Lines containing "unfolding": state how many there are in these entries, and write only that number.

(Beginning of Data in this exercise)

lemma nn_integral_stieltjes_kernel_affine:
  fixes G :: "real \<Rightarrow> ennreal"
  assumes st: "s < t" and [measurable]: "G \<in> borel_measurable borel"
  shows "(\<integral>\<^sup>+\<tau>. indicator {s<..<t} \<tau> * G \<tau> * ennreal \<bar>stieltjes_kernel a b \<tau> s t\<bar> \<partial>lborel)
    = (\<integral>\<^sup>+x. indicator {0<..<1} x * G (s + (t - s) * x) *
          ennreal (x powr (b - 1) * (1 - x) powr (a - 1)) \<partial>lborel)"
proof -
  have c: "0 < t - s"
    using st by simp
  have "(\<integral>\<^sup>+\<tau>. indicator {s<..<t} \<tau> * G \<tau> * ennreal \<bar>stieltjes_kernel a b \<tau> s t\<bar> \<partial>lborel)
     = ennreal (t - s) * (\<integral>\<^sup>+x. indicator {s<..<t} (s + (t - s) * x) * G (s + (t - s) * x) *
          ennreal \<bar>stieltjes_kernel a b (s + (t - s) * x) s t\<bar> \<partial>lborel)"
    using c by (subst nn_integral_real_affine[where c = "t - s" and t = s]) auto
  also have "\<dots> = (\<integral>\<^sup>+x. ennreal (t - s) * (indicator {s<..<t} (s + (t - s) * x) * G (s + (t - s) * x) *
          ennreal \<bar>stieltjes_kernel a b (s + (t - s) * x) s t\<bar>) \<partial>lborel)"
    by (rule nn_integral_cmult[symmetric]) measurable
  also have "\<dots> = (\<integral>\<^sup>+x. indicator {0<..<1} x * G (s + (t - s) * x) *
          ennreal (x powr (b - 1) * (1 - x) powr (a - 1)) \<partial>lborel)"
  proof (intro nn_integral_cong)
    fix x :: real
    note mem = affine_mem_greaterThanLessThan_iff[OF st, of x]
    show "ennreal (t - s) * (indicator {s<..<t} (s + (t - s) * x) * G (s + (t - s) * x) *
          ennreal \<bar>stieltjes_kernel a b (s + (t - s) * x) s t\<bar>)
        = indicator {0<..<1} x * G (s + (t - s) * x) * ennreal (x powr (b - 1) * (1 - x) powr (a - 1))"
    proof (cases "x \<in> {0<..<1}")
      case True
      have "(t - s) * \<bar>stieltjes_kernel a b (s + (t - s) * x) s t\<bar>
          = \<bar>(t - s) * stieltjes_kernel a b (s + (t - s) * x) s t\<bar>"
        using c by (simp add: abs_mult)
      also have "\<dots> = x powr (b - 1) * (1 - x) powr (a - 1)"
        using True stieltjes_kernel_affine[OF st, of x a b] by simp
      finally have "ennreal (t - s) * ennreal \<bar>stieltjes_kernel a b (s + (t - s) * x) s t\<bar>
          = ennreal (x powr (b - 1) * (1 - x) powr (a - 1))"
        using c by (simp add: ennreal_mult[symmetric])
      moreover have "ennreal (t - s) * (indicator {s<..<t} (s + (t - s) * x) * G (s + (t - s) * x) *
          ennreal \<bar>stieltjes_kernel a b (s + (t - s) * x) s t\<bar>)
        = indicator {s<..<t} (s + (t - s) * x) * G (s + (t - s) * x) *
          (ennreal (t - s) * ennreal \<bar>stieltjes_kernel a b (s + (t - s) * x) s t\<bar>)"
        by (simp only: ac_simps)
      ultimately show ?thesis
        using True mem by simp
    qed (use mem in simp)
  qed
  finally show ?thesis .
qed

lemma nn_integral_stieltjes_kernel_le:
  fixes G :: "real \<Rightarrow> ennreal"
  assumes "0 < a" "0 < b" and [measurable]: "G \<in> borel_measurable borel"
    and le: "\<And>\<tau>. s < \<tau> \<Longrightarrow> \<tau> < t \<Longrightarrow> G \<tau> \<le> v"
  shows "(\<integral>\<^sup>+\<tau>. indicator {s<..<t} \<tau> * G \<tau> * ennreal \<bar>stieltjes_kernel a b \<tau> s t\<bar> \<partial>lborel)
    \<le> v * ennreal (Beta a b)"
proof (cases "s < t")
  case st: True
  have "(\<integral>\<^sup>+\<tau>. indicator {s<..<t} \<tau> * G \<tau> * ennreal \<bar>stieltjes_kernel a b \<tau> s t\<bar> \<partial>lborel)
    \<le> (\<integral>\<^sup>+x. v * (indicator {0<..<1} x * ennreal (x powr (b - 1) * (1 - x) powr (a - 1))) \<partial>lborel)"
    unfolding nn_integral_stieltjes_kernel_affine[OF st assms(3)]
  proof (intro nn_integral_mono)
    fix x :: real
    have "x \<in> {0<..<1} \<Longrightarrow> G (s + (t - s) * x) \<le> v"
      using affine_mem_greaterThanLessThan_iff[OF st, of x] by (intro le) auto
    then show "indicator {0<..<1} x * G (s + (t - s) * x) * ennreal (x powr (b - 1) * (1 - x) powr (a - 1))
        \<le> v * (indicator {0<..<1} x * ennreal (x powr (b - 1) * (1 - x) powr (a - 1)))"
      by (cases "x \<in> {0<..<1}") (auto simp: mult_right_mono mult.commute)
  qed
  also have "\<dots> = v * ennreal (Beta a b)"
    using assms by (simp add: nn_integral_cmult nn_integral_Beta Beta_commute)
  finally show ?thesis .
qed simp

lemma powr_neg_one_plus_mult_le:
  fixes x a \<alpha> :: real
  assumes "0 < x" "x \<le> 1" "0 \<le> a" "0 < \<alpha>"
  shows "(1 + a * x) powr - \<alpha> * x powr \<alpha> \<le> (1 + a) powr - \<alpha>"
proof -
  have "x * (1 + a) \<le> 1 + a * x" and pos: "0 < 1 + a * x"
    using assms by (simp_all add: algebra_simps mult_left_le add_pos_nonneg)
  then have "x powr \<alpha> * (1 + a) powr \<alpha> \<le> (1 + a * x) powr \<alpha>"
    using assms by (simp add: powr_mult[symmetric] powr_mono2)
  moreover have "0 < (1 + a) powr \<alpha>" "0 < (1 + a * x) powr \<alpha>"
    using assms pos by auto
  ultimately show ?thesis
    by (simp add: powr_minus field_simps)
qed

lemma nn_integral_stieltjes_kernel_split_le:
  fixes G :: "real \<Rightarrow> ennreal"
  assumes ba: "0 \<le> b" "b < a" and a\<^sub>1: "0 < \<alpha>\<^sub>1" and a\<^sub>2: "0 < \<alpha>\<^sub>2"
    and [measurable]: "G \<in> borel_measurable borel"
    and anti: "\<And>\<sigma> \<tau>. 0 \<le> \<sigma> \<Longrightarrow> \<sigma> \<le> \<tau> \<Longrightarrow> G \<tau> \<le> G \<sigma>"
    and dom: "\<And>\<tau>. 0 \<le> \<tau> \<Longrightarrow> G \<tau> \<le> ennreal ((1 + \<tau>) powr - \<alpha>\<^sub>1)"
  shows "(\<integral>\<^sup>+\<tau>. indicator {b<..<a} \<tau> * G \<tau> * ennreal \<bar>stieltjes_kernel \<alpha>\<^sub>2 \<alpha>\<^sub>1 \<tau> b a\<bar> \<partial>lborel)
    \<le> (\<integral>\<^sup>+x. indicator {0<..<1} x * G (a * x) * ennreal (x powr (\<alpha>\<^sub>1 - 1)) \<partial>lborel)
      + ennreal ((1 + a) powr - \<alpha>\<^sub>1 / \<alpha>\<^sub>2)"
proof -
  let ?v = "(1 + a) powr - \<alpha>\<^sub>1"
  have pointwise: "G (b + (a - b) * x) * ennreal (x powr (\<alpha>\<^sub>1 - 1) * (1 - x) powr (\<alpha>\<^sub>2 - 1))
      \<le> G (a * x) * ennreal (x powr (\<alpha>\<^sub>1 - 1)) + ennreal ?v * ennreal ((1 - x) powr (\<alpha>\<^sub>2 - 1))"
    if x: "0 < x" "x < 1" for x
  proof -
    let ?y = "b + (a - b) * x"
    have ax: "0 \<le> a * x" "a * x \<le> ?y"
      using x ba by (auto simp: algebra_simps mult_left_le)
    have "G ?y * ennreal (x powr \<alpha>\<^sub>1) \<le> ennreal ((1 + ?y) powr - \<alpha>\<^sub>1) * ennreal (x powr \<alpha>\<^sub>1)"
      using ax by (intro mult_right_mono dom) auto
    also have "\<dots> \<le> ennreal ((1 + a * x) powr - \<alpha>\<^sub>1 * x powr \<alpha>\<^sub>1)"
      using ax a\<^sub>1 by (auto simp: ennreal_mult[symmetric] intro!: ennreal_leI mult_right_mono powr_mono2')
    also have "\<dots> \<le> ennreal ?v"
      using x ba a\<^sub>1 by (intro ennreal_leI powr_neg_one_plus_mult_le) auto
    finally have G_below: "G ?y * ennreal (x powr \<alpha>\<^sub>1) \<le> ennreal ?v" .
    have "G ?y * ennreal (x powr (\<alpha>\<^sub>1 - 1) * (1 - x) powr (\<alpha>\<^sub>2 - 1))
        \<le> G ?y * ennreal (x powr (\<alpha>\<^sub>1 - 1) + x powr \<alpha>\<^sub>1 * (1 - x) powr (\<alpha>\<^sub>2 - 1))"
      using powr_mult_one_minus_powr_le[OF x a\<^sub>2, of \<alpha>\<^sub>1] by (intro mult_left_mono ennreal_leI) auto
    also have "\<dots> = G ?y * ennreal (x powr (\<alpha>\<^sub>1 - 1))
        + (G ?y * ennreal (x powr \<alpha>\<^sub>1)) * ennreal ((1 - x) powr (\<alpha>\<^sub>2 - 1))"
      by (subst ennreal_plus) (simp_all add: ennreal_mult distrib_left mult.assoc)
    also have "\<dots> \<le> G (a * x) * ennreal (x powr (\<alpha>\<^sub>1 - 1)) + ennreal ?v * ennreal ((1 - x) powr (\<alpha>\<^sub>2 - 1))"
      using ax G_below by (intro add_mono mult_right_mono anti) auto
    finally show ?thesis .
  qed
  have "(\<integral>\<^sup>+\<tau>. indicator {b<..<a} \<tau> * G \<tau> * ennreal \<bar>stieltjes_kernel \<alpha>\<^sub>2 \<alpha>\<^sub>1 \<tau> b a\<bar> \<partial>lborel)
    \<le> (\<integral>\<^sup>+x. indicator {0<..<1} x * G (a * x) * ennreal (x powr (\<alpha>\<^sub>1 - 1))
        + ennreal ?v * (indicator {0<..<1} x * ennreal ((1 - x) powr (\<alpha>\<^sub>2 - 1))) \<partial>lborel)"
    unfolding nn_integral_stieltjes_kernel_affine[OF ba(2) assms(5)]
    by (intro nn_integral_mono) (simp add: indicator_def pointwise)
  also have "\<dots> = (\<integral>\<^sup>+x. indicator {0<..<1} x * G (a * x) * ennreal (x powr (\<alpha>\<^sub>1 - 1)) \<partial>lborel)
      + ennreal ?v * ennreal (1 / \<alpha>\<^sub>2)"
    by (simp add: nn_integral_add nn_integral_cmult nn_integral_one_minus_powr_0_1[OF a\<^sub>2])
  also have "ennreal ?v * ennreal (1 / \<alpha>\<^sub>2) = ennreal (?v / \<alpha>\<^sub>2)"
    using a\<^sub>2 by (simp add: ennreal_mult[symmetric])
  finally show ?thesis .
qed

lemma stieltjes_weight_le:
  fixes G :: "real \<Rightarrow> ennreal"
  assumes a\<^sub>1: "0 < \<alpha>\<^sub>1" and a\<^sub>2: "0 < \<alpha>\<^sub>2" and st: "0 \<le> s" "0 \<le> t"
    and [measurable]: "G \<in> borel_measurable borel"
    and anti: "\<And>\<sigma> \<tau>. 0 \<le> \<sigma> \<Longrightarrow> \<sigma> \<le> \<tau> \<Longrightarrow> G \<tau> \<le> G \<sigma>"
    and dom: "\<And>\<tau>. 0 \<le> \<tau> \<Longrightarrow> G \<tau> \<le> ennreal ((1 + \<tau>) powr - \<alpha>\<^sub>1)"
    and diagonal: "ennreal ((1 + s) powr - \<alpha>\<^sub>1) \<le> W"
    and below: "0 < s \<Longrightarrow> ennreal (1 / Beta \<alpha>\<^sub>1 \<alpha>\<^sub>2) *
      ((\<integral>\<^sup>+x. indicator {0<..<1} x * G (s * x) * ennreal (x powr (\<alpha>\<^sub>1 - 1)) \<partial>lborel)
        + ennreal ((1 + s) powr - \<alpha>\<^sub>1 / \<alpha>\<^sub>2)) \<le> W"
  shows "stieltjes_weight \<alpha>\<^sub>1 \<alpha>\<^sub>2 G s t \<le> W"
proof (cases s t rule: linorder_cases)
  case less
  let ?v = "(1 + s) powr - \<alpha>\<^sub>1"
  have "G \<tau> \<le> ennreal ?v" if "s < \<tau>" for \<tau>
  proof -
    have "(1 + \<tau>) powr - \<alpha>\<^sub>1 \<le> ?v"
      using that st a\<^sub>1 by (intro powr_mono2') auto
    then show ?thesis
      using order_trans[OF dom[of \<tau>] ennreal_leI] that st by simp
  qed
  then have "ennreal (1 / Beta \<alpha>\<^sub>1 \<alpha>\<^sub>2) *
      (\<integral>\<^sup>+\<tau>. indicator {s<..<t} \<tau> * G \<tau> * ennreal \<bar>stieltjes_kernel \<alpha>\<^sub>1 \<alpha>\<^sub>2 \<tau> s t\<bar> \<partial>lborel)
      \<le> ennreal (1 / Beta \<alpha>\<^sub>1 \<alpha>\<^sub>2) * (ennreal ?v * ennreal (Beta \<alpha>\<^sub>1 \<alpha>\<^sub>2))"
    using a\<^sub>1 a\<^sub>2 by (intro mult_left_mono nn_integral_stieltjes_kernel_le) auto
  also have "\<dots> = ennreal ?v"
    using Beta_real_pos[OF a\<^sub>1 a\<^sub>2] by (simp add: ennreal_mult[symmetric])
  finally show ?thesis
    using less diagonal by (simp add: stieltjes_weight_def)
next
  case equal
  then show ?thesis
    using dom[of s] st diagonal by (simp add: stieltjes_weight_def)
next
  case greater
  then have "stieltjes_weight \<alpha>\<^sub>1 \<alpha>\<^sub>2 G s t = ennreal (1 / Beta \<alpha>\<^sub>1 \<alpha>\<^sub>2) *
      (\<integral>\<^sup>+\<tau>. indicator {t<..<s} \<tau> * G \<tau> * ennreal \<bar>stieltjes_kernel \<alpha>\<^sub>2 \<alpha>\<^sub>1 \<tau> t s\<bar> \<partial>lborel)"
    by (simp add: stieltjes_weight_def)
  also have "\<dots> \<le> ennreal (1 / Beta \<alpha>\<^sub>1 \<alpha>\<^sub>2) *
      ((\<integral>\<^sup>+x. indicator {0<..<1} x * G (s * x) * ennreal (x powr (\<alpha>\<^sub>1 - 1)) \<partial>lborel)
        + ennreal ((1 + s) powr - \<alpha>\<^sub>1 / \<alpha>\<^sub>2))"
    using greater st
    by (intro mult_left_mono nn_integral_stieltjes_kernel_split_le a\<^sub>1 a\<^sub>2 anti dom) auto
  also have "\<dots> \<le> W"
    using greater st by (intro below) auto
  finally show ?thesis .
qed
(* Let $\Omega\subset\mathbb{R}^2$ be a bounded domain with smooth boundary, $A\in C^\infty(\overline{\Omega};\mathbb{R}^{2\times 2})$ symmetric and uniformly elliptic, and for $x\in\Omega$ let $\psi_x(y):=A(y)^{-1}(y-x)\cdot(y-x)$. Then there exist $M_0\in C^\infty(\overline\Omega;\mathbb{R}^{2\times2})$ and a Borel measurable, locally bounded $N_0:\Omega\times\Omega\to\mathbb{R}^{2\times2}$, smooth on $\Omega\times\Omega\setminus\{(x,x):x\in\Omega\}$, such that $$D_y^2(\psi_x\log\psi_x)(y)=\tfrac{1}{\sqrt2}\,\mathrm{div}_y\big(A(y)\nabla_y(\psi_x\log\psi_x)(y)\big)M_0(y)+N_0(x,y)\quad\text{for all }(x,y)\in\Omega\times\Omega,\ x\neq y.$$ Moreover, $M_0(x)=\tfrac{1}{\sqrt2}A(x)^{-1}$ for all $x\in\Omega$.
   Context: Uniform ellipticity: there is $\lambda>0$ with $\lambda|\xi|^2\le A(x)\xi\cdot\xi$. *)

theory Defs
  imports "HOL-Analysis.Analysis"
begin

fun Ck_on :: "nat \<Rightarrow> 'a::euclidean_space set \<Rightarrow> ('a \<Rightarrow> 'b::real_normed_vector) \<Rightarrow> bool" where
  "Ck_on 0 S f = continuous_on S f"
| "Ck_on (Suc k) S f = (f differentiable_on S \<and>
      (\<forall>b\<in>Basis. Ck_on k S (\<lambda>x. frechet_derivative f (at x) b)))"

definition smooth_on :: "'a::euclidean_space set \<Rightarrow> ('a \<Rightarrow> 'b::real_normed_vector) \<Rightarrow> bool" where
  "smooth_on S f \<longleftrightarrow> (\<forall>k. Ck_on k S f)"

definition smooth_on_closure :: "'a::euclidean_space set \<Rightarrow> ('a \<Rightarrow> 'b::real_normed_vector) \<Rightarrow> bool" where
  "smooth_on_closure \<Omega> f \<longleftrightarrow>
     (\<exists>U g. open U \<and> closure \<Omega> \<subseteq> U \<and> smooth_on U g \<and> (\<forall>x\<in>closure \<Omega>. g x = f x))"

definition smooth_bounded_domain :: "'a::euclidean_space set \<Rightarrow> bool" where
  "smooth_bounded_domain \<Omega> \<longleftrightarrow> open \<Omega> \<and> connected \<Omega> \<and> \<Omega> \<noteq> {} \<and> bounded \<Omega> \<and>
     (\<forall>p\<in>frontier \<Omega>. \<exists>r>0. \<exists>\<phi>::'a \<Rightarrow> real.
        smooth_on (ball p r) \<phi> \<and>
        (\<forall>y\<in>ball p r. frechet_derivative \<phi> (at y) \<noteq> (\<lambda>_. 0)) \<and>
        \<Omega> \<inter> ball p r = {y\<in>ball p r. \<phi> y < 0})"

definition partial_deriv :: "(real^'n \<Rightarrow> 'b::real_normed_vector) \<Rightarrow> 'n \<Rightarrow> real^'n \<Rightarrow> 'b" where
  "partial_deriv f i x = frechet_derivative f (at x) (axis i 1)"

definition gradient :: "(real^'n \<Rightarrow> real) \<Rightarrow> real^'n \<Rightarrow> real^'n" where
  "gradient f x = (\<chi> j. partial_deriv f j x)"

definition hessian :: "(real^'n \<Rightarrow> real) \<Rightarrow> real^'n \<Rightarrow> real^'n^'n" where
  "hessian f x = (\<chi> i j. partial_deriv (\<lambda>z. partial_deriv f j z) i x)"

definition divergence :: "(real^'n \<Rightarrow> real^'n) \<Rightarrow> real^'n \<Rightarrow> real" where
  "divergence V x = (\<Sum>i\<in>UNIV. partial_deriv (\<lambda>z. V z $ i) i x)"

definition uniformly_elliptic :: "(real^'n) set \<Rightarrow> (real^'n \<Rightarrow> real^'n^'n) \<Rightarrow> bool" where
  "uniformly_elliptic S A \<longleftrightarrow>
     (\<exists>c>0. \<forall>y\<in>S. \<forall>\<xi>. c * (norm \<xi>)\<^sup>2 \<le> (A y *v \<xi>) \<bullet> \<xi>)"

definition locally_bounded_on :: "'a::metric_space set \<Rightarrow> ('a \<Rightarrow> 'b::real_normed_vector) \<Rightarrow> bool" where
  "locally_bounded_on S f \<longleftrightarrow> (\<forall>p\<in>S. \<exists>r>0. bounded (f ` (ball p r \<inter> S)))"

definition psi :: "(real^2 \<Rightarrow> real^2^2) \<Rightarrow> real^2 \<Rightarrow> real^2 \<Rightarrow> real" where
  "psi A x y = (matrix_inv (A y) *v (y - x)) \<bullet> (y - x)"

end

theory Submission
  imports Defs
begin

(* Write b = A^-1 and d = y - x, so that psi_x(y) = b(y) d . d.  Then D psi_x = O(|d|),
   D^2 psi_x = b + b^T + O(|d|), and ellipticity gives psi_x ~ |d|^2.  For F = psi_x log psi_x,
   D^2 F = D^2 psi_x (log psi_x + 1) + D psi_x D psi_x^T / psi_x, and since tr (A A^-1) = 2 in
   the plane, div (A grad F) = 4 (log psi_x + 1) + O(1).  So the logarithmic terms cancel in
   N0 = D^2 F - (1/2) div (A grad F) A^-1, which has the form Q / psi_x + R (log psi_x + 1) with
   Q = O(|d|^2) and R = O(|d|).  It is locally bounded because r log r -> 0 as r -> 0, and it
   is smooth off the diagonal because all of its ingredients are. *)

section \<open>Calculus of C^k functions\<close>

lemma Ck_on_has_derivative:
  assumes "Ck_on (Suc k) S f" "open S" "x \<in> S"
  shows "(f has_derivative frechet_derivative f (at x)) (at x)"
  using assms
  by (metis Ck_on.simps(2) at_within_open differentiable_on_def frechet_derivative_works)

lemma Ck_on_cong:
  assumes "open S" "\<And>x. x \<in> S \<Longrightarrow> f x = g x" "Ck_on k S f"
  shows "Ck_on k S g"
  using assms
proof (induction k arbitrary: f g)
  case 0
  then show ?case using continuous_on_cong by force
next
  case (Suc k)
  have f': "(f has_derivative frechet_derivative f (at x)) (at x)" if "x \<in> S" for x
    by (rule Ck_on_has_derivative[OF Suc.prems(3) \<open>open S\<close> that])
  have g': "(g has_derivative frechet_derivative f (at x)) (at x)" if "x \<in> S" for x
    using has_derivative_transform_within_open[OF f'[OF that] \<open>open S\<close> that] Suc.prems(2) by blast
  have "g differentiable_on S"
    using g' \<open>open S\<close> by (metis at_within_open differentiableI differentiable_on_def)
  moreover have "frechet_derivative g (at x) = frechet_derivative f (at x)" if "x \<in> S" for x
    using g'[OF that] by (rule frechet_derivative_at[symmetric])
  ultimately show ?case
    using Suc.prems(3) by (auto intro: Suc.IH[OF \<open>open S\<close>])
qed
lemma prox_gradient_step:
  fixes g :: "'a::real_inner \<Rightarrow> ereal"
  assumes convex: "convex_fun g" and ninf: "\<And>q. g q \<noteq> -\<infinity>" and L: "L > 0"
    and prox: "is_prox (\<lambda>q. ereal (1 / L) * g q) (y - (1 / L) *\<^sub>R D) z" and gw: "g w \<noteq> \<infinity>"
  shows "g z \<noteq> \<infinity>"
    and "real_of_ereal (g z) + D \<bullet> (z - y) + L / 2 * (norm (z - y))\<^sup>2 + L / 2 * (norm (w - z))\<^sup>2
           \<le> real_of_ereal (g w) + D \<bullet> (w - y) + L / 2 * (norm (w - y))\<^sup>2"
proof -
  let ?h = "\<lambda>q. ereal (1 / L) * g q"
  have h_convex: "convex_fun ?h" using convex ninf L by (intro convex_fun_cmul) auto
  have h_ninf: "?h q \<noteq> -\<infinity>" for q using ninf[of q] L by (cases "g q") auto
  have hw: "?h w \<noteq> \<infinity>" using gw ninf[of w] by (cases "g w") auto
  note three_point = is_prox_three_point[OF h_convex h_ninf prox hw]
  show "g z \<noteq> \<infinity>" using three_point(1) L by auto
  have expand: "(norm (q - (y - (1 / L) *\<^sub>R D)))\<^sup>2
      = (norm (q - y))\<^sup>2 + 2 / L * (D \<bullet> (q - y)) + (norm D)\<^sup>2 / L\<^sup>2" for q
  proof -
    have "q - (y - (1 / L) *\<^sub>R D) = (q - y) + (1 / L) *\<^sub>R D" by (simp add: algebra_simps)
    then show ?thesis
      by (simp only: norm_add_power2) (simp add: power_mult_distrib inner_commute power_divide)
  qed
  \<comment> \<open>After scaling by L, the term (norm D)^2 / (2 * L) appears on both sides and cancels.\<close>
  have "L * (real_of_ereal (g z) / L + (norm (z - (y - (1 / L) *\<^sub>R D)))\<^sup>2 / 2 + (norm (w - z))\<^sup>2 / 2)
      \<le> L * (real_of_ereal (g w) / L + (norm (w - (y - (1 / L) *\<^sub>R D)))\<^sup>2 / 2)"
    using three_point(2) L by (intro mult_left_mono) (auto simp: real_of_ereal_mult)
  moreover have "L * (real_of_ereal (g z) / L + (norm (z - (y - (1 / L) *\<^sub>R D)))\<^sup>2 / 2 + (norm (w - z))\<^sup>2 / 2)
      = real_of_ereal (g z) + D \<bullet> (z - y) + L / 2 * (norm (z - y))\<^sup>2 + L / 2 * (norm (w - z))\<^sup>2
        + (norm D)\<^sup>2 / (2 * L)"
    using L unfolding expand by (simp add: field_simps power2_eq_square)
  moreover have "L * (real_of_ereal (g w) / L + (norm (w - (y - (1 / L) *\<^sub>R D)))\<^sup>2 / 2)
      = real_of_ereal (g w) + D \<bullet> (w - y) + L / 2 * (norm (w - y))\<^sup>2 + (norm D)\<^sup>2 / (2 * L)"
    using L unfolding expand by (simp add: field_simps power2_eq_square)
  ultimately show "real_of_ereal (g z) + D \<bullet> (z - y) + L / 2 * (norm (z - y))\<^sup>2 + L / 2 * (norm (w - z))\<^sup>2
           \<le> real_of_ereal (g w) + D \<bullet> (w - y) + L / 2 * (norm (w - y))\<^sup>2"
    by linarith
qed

(End of Data in this exercise)

» Solution to this problem
4